Hypotestosteronemia in chronically critically ill men

Crit Care Med. 1999 Nov;27(11):2418-21. doi: 10.1097/00003246-199911000-00016.

Abstract

Objective: To determine the prevalence of hypotestosteronemia in chronically critically ill (CCI) men.

Design: Prevalence survey.

Setting: Step-down respiratory care unit (RCU) at a tertiary care teaching hospital.

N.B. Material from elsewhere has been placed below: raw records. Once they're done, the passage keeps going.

lemma density_ketbra:
  assumes dim: "dim_vec \<phi> = d" and unit: "cinner \<phi> \<phi> = 1"
  shows "density d (ketbra \<phi>)"
proof -
  have "0 \<le> Re (cinner v (ketbra \<phi> *\<^sub>v v))" if "dim_vec v = d" for v
  proof -
    define z where "z = cinner \<phi> v"
    have "ketbra \<phi> *\<^sub>v v = z \<cdot>\<^sub>v \<phi>"
      using dim that unfolding ketbra_def z_def cinner_def
      by (intro eq_vecI) (simp_all add: scalar_prod_def atLeast0LessThan sum_distrib_left mult_ac)
    moreover have "cinner v (z \<cdot>\<^sub>v \<phi>) = z * (\<Sum>i<d. \<phi> $ i * cnj (v $ i))"
      using dim that by (simp add: cinner_def sum_distrib_left mult_ac)
    moreover have "(\<Sum>i<d. \<phi> $ i * cnj (v $ i)) = cnj z"
      using dim unfolding z_def cinner_def by (simp add: cnj_sum mult.commute)
    ultimately have "cinner v (ketbra \<phi> *\<^sub>v v) = cnj z * z"
      by simp
    then show ?thesis
      by (simp add: power2_eq_square[symmetric])
  qed
  then show ?thesis
    using dim mtrace_ketbra[OF unit] unfolding density_def psd_def hermitian_mat_def
    by (simp add: ketbra_def)
qed

lemma rank_one_povm_unit_vec: "rank_one_povm d d (\<lambda>b. ketbra (unit_vec d b))"
proof -
  have unit: "cinner (unit_vec d b) (unit_vec d b) = 1" if "b < d" for b
    using that unfolding cinner_def by (simp add: if_distrib cong: if_cong)
  have psd: "\<forall>b<d. psd d (ketbra (unit_vec d b))"
    using density_ketbra[OF _ unit] unfolding density_def by simp
  have resolution: "\<forall>i<d. \<forall>j<d. (\<Sum>b<d. ketbra (unit_vec d b) $$ (i, j)) = 1\<^sub>m d $$ (i, j)"
  proof (intro allI impI)
    fix i j assume "i < d" "j < d"
    then have "ketbra (unit_vec d b) $$ (i, j) = (if i = j then if b = i then 1 else 0 else 0)"
      if "b < d" for b
      using that by (simp add: ketbra_def)
    then show "(\<Sum>b<d. ketbra (unit_vec d b) $$ (i, j)) = 1\<^sub>m d $$ (i, j)"
      using \<open>i < d\<close> \<open>j < d\<close> by (cases "i = j") simp_all
  qed
  have rank_one: "\<forall>b<d. \<exists>g \<phi>. g > 0 \<and> dim_vec \<phi> = d \<and> cinner \<phi> \<phi> = 1
      \<and> ketbra (unit_vec d b) = complex_of_real g \<cdot>\<^sub>m ketbra \<phi>"
  proof (intro allI impI exI conjI)
    fix b assume "b < d"
    show "cinner (unit_vec d b) (unit_vec d b) = 1"
      using unit[OF \<open>b < d\<close>] .
    show "ketbra (unit_vec d b) = complex_of_real 1 \<cdot>\<^sub>m ketbra (unit_vec d b)"
      by (intro eq_matI) auto
  qed simp_all
  show ?thesis
    unfolding rank_one_povm_def povm_def using psd resolution rank_one by blast
qed

section \<open>Optimal fidelity\<close>

lemma avg_fidelity_le:
  assumes sic: "sic d \<psi>" and "d > 0" and E: "povm d n E" and \<sigma>: "\<forall>b<n. density d (\<sigma> b)"
  shows "avg_fidelity d \<psi> n E \<sigma> \<le> 2 / (real d + 1)"
proof -
  have E_psd: "\<And>b. b < n \<Longrightarrow> psd d (E b)"
    using E unfolding povm_def by auto
  have "avg_fidelity d \<psi> n E \<sigma>
      = (\<Sum>b<n. Re (mtrace (E b)) + Re (mtrace (E b * \<sigma> b))) / (real d * (real d + 1))"
    using E_psd \<sigma> \<open>d > 0\<close> unfolding psd_def density_def by (intro avg_fidelity_sic[OF sic]) auto
  also have "\<dots> \<le> (\<Sum>b<n. Re (mtrace (E b)) + Re (mtrace (E b))) / (real d * (real d + 1))"
    using E_psd \<sigma> by (intro divide_right_mono sum_mono add_left_mono Re_mtrace_mult_density_le) auto
  also have "\<dots> = 2 * real d / (real d * (real d + 1))"
    unfolding sum.distrib povm_sum_Re_mtrace[OF E] by simp
  also have "\<dots> = 2 / (real d + 1)"
    using \<open>d > 0\<close> by simp
  finally show ?thesis .
qed

lemma rank_one_povm_optimal_reproduction:
  assumes sic: "sic d \<psi>" and "d > 0" and G: "rank_one_povm d n G"
  obtains \<sigma> where "\<forall>b<n. density d (\<sigma> b)" and "avg_fidelity d \<psi> n G \<sigma> = 2 / (real d + 1)"
proof -
  have G_povm: "povm d n G"
    using G unfolding rank_one_povm_def by simp
  obtain g \<phi> where g\<phi>: "\<And>b. b < n \<Longrightarrow> dim_vec (\<phi> b) = d \<and> cinner (\<phi> b) (\<phi> b) = 1
      \<and> G b = complex_of_real (g b) \<cdot>\<^sub>m ketbra (\<phi> b)"
    using G unfolding rank_one_povm_def by metis
  define \<sigma> where "\<sigma> b = ketbra (\<phi> b)" for b
  have \<sigma>: "\<forall>b<n. density d (\<sigma> b)"
    unfolding \<sigma>_def using g\<phi> density_ketbra by blast
  have G_fixed: "G b * \<sigma> b = G b" if "b < n" for b
  proof -
    have "ketbra (\<phi> b) \<in> carrier_mat d d"
      using g\<phi>[OF that] by (simp add: ketbra_def)
    then show ?thesis
      using g\<phi>[OF that] by (simp add: \<sigma>_def mult_smult_assoc_mat ketbra_mult_ketbra)
  qed
  have "avg_fidelity d \<psi> n G \<sigma> = 2 / (real d + 1)"
  proof -
    have "avg_fidelity d \<psi> n G \<sigma>
        = (\<Sum>b<n. Re (mtrace (G b)) + Re (mtrace (G b * \<sigma> b))) / (real d * (real d + 1))"
      using G_povm \<sigma> \<open>d > 0\<close> unfolding povm_def psd_def density_def
      by (intro avg_fidelity_sic[OF sic]) auto
    also have "\<dots> = 2 * (\<Sum>b<n. Re (mtrace (G b))) / (real d * (real d + 1))"
      by (simp add: G_fixed sum_distrib_left)
    also have "\<dots> = 2 * real d / (real d * (real d + 1))"
      unfolding povm_sum_Re_mtrace[OF G_povm] ..
    also have "\<dots> = 2 / (real d + 1)"
      using \<open>d > 0\<close> by simp
    finally show ?thesis .
  qed
  with \<sigma> show ?thesis
    by (rule that)
qed

lemma achievable_fidelity_rank_one_povm:
  assumes sic: "sic d \<psi>" and "d > 0" and G: "rank_one_povm d n G"
  shows "achievable_fidelity d \<psi> n G = 2 / (real d + 1)"
  unfolding achievable_fidelity_def
proof (rule cSup_eq_maximum)
  obtain \<sigma> where "\<forall>b<n. density d (\<sigma> b)" "avg_fidelity d \<psi> n G \<sigma> = 2 / (real d + 1)"
    using rank_one_povm_optimal_reproduction[OF sic \<open>d > 0\<close> G] .
  then show "2 / (real d + 1) \<in> {avg_fidelity d \<psi> n G \<sigma> | \<sigma>. \<forall>b<n. density d (\<sigma> b)}"
    by force
next
  have "povm d n G"
    using G unfolding rank_one_povm_def by simp
  then show "x \<le> 2 / (real d + 1)"
    if "x \<in> {avg_fidelity d \<psi> n G \<sigma> | \<sigma>. \<forall>b<n. density d (\<sigma> b)}" for x
    using that avg_fidelity_le[OF sic \<open>d > 0\<close>] by blast
qed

Patients: Thirty ventilator-dependent CCI men transferred from intensive care units (ICUs) within the same institution.

Interventions: None.

Measurements and main results: Total testosterone and bioavailable testosterone (bioT) concentrations were measured within 48 hrs of RCU admission. Patients were hospitalized a median of 40 days (range, 9-185 days) before RCU admission, with a median ICU length of stay of 25 days (range, 9-177 days). At RCU admission, total testosterone concentrations averaged 104+/-96 ng/dL, with average bioT concentrations of 19+/-20 ng/dL (16+/-9% of total testosterone). Twenty-nine of the 30 patients (96%) had bioT concentrations well below the lower limit of normal for their age range. bioT concentrations, expressed as a percentage of the normal mean for each patient's age range, were positively correlated with the number of days that the patient was in the ICU before transfer to the RCU (n = 30, r2 = .17, p = .025). However, if the single patient who remained in the ICU for 177 days was excluded, this correlation disappeared (n = 29, r2 = .07, p = .09). No other relationship was found between bioT concentrations and any other variable, including type of patient, ICU length of stay, reason for either initial admission to the ICU or prolonged mechanical ventilation, type of nutritional support, or use of dopamine.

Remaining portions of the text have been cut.